Your Spiritual Evolution Starts Now” is one my more popular posts and also one of my personal favorites because, in one little 300-word essay, I express the seed of an incredible idea — a Unified Evolutionary Theory that encompasses both scientific and spiritual evolution.

What my theory expresses is simple.  Fish wanted food that was on land.  They splashed in the shallows, used their flippers to skip in the mud, and 65 million years later, they had legs.  Fish became amphibians which became reptiles which became mammals and now there are people.  In other words, you don’t walk around because you have legs.

You have legs because you want to walk around.  And you are not going to have wings unless and until you desire to fly.  This is immensely powerful stuff as it is.  But in this followup post I want to expand the idea somewhat.

Sure, the first fish who took it a little too far must’ve died flopping on dry land.  But there is nonetheless hope for each of us within a miraculous gestalt, a great and grand holistic process of which each of us is a part.

This great and grand process is about more than fish becoming amphibians becoming reptiles becoming mammals becoming humans.  It encompasses matter we normally consider inert and “non-living.”  Water and minerals, the so-called “primordial soup” of a billion years ago, produces monomers which become organic polymers which become amino acids which become microorganisms which become tiny creatures which become fish, and so on.   Matter has desire also.  It wants to live.

Matter wants to live not just as biological life but as cosmological life.  The dust of the universe wants to coagulate to form planets, and planets with enough mass want to become stars so they can illuminate other planets and enable.  Silicon wants to become chips, and chips want to produce artificial intelligence.

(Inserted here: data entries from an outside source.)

text \<open>\<open>f\<close>, \<open>A\<close>, \<open>B\<close> behave like the matrix units \<open>e\<^sub>2\<^sub>2\<close>, \<open>e\<^sub>1\<^sub>2\<close>, \<open>e\<^sub>2\<^sub>1\<close> over the field with two
  elements, and \<open>w = e\<^sub>1\<^sub>2 + e\<^sub>2\<^sub>1 + e\<^sub>2\<^sub>2\<close> has \<open>w\<^sup>4 = w\<close>; the fourth power law then forces
  \<open>w\<^sup>2 = w\<close>, which only holds if \<open>f = 0\<close>.\<close>

lemma strongly_invo_clean_no_matrix_units:
  fixes f A B :: "'a::ring_1"
  assumes sic: "strongly_invo_clean TYPE('a)"
    and ff: "f * f = f" and Af: "A * f = A" and fA: "f * A = 0" and fB: "f * B = B"
    and Bf: "B * f = 0" and BA: "B * A = f"
    and A2: "A + A = 0" and B2: "B + B = 0" and f2: "f + f = 0"
  shows "f = 0"
proof -
  define g where "g = A * B"
  have AA: "A * A = 0" using Af fA by (metis mult.assoc mult_zero_right)
  have BB: "B * B = 0" using fB Bf by (metis mult.assoc mult_zero_left)
  have gA: "g * A = A" and gB: "g * B = 0" and gf: "g * f = 0"
    unfolding g_def using BA Af BB Bf by (simp_all add: mult.assoc)
  have fg: "f * g = 0" unfolding g_def using fA by (simp add: mult.assoc[symmetric])
  define w where "w = A + B + f"
  have w2: "w + w = 0" unfolding w_def using A2 B2 f2 by (simp add: algebra_simps)
  have ww: "w * w = g + A + B"
  proof -
    have "w * w = g + A + B + (f + f)"
      unfolding w_def by (simp add: algebra_simps AA Af BA BB Bf fA fB ff g_def[symmetric])
    then show ?thesis using f2 by simp
  qed
  have www: "w * w * w = g + f"
  proof -
    have "w * w * w = g + f + (A + A)"
      unfolding ww unfolding w_def by (simp add: algebra_simps AA Af BA BB Bf gA gB gf g_def[symmetric])
    then show ?thesis using A2 by simp
  qed
  have "(g + f) * w = w" unfolding w_def by (simp add: algebra_simps gA gB gf fA fB ff)
  then have "w * w * w * w = w" using www by simp
  then have "w = g + A + B" using strongly_invo_clean_2torsion_fourth_power[OF sic w2] ww by simp
  then have "f = g" unfolding w_def by (simp add: algebra_simps)
  then show ?thesis using ff fg by simp
qed

lemma strongly_invo_clean_2torsion_square_zero_ideal:
  fixes n s :: "'a::ring_1"
  assumes sic: "strongly_invo_clean TYPE('a)" and nn: "n * n = 0" and n2: "n + n = 0"
  shows "(s * n) * (s * n) = 0"
proof -
  define y where "y = s * n"
  have y2: "y + y = 0" unfolding y_def using n2 by (rule add_self_eq_0_mult_left)
  have y4: "y * y * y * y = y * y"
    using sic y2 by (rule strongly_invo_clean_2torsion_fourth_power)
  define f where "f = y * y"
  define p where "p = y * y * y"
  have ff: "f * f = f" and fp: "f * p = p" and psn: "p * s * n = f"
    unfolding f_def p_def using y4 by (simp_all add: mult.assoc y_def)
  have fn: "f * n = 0" unfolding f_def y_def using nn by (simp add: mult.assoc)
  define A where "A = n * f"
  define B where "B = p * s * (1 - f)"
  have "f = 0"
  proof (rule strongly_invo_clean_no_matrix_units[OF sic])
    show "f * f = f" by (rule ff)
    show "A * f = A" unfolding A_def using ff by (simp add: mult.assoc)
    show "f * A = 0" unfolding A_def using fn by (simp flip: mult.assoc)
    show "f * B = B" unfolding B_def using fp by (simp flip: mult.assoc)
    show "B * f = 0" unfolding B_def using ff by (simp add: algebra_simps mult.assoc)
    have "B * A = p * s * n * f - p * s * (f * n) * f"
      unfolding A_def B_def by (simp add: algebra_simps)
    then show "B * A = f" using psn fn ff by simp
    show "A + A = 0" "f + f = 0" "B + B = 0"
      unfolding A_def B_def f_def p_def using n2 y2
      by (simp_all add: add_self_eq_0_mult_left add_self_eq_0_mult_right)
  qed
  then show ?thesis unfolding f_def y_def .
qed

lemma strongly_invo_clean_2torsion_square_zero_jacobson:
  fixes n :: "'a::ring_1"
  assumes sic: "strongly_invo_clean TYPE('a)" and "n * n = 0" and "n + n = 0"
  shows "n \<in> jacobson"
  unfolding jacobson_iff_left_invertible
proof
  fix r :: 'a
  have "(1 - r * n) * (1 + r * n) = 1 - (r * n) * (r * n)" by (simp add: algebra_simps)
  also have "\<dots> = 1" using strongly_invo_clean_2torsion_square_zero_ideal[OF assms] by simp
  finally show "\<exists>y. y * (1 + r * n) = 1" by blast
qed

lemma mult_numeral_commute: "x * numeral k = numeral k * (x::'a::ring_1)"
  by (metis of_nat_numeral mult_of_nat_commute)

lemma numeral_mult_add: "numeral a * x + numeral b * x = numeral (a + b) * (x::'a::ring_1)"
  by (simp only: distrib_right[symmetric] numeral_plus_numeral)

lemma add_numeral_mult: "x + numeral b * x = numeral (Num.One + b) * (x::'a::ring_1)"
  using numeral_mult_add[of Num.One x b] by (simp only: numeral_One mult_1_left)

lemma three_mult_eq_add: "3 * x = x + x + (x::'a::ring_1)"
  using numeral_mult_add[of Num.One x "Num.Bit0 Num.One"] by (simp add: mult_2 add.assoc)

lemma numeral_mult_numeral_mult:
  "numeral a * x * (numeral b * y) = numeral (a * b) * (x * (y::'a::ring_1))"
proof -
  have "numeral a * x * (numeral b * y) = numeral a * (x * numeral b) * y" by (simp add: mult.assoc)
  also have "\<dots> = (numeral a * numeral b) * (x * y)" by (simp add: mult_numeral_commute[of x] mult.assoc)
  finally show ?thesis by simp
qed

lemma strongly_invo_clean_six_eq_0:
  assumes sic: "strongly_invo_clean TYPE('a::ring_1)"
    and reduced: "\<And>w::'a. w + w = 0 \<Longrightarrow> w * w = 0 \<Longrightarrow> w = 0"
  shows "(6::'a) = 0"
proof -
  obtain e v :: 'a where ev: "e * e = e" "v * v = 1" "3 = e + v"
    using sic by (rule strongly_invo_cleanE)
  have "e = 3 - v" using ev(3) by (simp add: eq_diff_eq)
  then have "(3 - v) * (3 - v) - (3 - v) = 0" using ev(1) by simp
  moreover have "(3 - v) * (3 - v) - (3 - v) = 7 - 5 * v"
    using ev(2) by (simp add: algebra_simps mult_numeral_commute[of v] numeral_mult_add add_numeral_mult)
  ultimately have "7 = 5 * v" by simp
  then have "(7::'a) * 7 = 5 * v * (5 * v)" by simp
  then have "(24::'a) + 25 = 0 + 25" using ev(2) by (simp add: numeral_mult_numeral_mult)
  then have 24: "(24::'a) = 0" by (rule add_right_cancel[THEN iffD1])
  have "(12::'a) + 12 = 24" "(12::'a) * 12 = 6 * 24" by simp_all
  then have 12: "(12::'a) = 0" using 24 reduced by simp
  have "(6::'a) + 6 = 12" "(6::'a) * 6 = 3 * 12" by simp_all
  then show ?thesis using 12 reduced by simp
qed

lemma three_mult_eq_0:
  fixes u :: "'a::ring_1"
  assumes six: "(6::'a) = 0" and reduced: "\<And>w::'a. w + w = 0 \<Longrightarrow> w * w = 0 \<Longrightarrow> w = 0"
    and uu: "u * u = 2 * u"
  shows "3 * u = 0"
proof (rule reduced)
  show "3 * u + 3 * u = 0" using six by (simp add: numeral_mult_add)
  have "3 * u * (3 * u) = 9 * (2 * u)" using uu by (simp add: numeral_mult_numeral_mult)
  also have "\<dots> = (3 * 6) * u" by (simp add: mult.assoc[symmetric])
  finally show "3 * u * (3 * u) = 0" using six by simp
qed

lemma strongly_invo_clean_tripotent:
  fixes x :: "'a::ring_1"
  assumes sic: "strongly_invo_clean TYPE('a)"
    and reduced: "\<And>w::'a. w + w = 0 \<Longrightarrow> w * w = 0 \<Longrightarrow> w = 0"
  shows "x * x * x = x"
proof -
  have six: "(6::'a) = 0" using sic reduced by (rule strongly_invo_clean_six_eq_0)
  obtain e v where ev: "e * e = e" "v * v = 1" "e * v = v * e" "x = e + v"
    using sic by (rule strongly_invo_cleanE)
  have ee: "e * (e * t) = e * t" and vv: "v * (v * t) = t" and ve: "v * (e * t) = e * (v * t)" for t
    using ev by (metis mult.assoc mult_1_left)+
  define u where "u = e + e * v"
  have "u * u = 2 * u" unfolding u_def mult_2 by (simp add: algebra_simps ev(1,2) ev(3)[symmetric] ee vv ve)
  then have "3 * u = 0" using six reduced three_mult_eq_0 by metis
  moreover have "x * x * x = x + 3 * u"
    unfolding three_mult_eq_add u_def ev(4) by (simp add: algebra_simps ev(1,2) ev(3)[symmetric] ee vv ve)
  ultimately show ?thesis by simp
qed

text \<open>Products of integer combinations of \<open>a\<close> and \<open>a\<^sup>2\<close> only use \<open>a\<^sup>3 = a\<close>, so identities among
  them reduce to arithmetic on the coefficients.\<close>

definition tripotent_comb :: "'a::ring_1 \<Rightarrow> int \<Rightarrow> int \<Rightarrow> 'a" where
  "tripotent_comb a i j = of_int i * a + of_int j * (a * a)"

lemma of_int_mult_of_int_mult: "of_int i * x * (of_int l * y) = of_int (i * l) * (x * (y::'a::ring_1))"
  by (metis mult.assoc mult_of_int_commute of_int_mult)

lemma tripotent_comb_mult:
  assumes a: "a * a * a = a"
  shows "tripotent_comb a i j * tripotent_comb a k l = tripotent_comb a (i * l + j * k) (i * k + j * l)"
proof -
  have a': "a * (a * a) = a" "a * a * (a * a) = a * a" using a by (simp_all add: mult.assoc[symmetric])
  have "tripotent_comb a i j * tripotent_comb a k l = of_int (i * k) * (a * a) + of_int (i * l) * (a * (a * a))
      + of_int (j * k) * (a * a * a) + of_int (j * l) * (a * a * (a * a))"
    unfolding tripotent_comb_def by (simp add: distrib_left distrib_right of_int_mult_of_int_mult add.assoc)
  also have "\<dots> = tripotent_comb a (i * l + j * k) (i * k + j * l)"
    unfolding tripotent_comb_def a a' by (simp add: algebra_simps)
  finally show ?thesis .
qed

lemma tripotent_comb_diff: "tripotent_comb a i j - tripotent_comb a k l = tripotent_comb a (i - k) (j - l)"
  unfolding tripotent_comb_def by (simp add: algebra_simps)

lemma tripotent_comb_eq_0:
  assumes six: "(6::'a::ring_1) = 0" and three: "3 * (a * a + a) = (0::'a)"
  shows "tripotent_comb a (6 * i + 3 * k) (6 * j + 3 * k) = 0"
proof -
  have "(of_int (6 * i + 3 * k) :: 'a) = 6 * of_int i + 3 * of_int k" for i by simp
  then have "tripotent_comb a (6 * i + 3 * k) (6 * j + 3 * k) = 3 * of_int k * a + 3 * of_int k * (a * a)"
    unfolding tripotent_comb_def using six by (simp add: distrib_right)
  also have "\<dots> = of_int k * (3 * (a * a + a))"
    unfolding mult_of_int_commute[of k 3, symmetric] by (simp add: mult.assoc distrib_left add.commute)
  also have "\<dots> = 0" using three by simp
  finally show ?thesis .
qed

lemma strongly_invo_clean_orthogonal_idempotents:
  fixes a :: "'a::ring_1"
  assumes sic: "strongly_invo_clean TYPE('a)"
    and reduced: "\<And>w::'a. w + w = 0 \<Longrightarrow> w * w = 0 \<Longrightarrow> w = 0"
  obtains p q where "p * p = p" "q * q = q" "p * q = 0" "q * p = 0" "a = p - q"
proof -
  have six: "(6::'a) = 0" using sic reduced by (rule strongly_invo_clean_six_eq_0)
  have a: "a * a * a = a" using sic reduced by (rule strongly_invo_clean_tripotent)
  then have "a * (a * a) = a" "a * (a * (a * a)) = a * a" by (simp_all add: mult.assoc[symmetric])
  then have "(a * a + a) * (a * a + a) = 2 * (a * a + a)"
    unfolding mult_2 by (simp add: algebra_simps)
  then have "3 * (a * a + a) = 0" using six reduced three_mult_eq_0 by metis
  note zero = tripotent_comb_eq_0[OF six this]
  define p where "p = tripotent_comb a 2 5"
  define q where "q = tripotent_comb a 1 5"
  have "p * p - p = tripotent_comb a 18 24" "q * q - q = tripotent_comb a 9 21"
    "p * q = tripotent_comb a 15 27" "q * p = tripotent_comb a 15 27"
    unfolding p_def q_def tripotent_comb_mult[OF a] tripotent_comb_diff by simp_all
  moreover have "tripotent_comb a 18 24 = 0" "tripotent_comb a 9 21 = 0" "tripotent_comb a 15 27 = 0"
    using zero[of 3 0 4] zero[of 1 1 3] zero[of 2 1 4] by simp_all
  moreover have "a = p - q" unfolding p_def q_def tripotent_comb_def by (simp add: mult_2)
  ultimately show ?thesis using that by simp
qed

section \<open>The quotient ring \<open>R/J(R)\<close>\<close>

quotient_type (overloaded) 'a jquot = "'a::ring_1" / "\<lambda>x y. x - y \<in> jacobson"
proof (rule equivpI)
  show "reflp (\<lambda>x y::'a. x - y \<in> jacobson)" by (simp add: reflp_def jacobson_zero)
  show "symp (\<lambda>x y::'a. x - y \<in> jacobson)"
    by (rule sympI) (metis jacobson_uminus minus_diff_eq)
  show "transp (\<lambda>x y::'a. x - y \<in> jacobson)"
    by (rule transpI) (drule (1) jacobson_add, simp)
qed

instantiation jquot :: (ring_1) ring_1
begin

lift_definition zero_jquot :: "'a jquot" is 0 .

lift_definition one_jquot :: "'a jquot" is 1 .

lift_definition plus_jquot :: "'a jquot \<Rightarrow> 'a jquot \<Rightarrow> 'a jquot" is "(+)"
  by (drule (1) jacobson_add) (simp add: algebra_simps)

Everything in the universe wants to evolve, to become, to shine.

I’m definitely going to be reading Chardin’s “The Phenomenon of Man.” It’s next on my reading list.

Imagine my surprise to discover the work of French Jesuit priest Pierre Teilhard de Chardin.  Chardin was a student of evolution and a paleontologist who was involved in the discovery of both the Piltdown Man hoax and the game changing Peking Man.   He also had some very interesting notions about the evolution of the universe, ideas that closely mirror the cascading realizations I’ve had over the last year or two, the ones I’ve expressed above.

Not at all surprisingly, many of Chardin’s writings were suppressed by the Catholic Church and were not published until after his death.  He calls his view the “Law of Complexity-Consciousness” and refers to the ultimate destination of the universe as the “Omega Point,” an idea that one could and should compare and contrast to Kurzweil’s “Singularity”.  Even more amazing, Chardin’s model is not all at odds with the Qabalistic model I’ve discussed before.

Humanity needs to realize this stuff, and realize it quickly, or else we are all going to go extinct on this little blue ball.  All of the work that went into this evolutionary journey over the last 4.5 billion years — the work of dust becoming planets and suns, the work of mineral water soup becoming proteins which became microorganisms, tiny critters, fish, reptiles, birds, and people —  will be wasted.

So many wonderful and miraculous ancestors worked so hard to get us here, and there is so much potential left in us, in this world, in all its inhabitants animal, vegetable and mineral.

How can we permit failure in carrying forward this torch?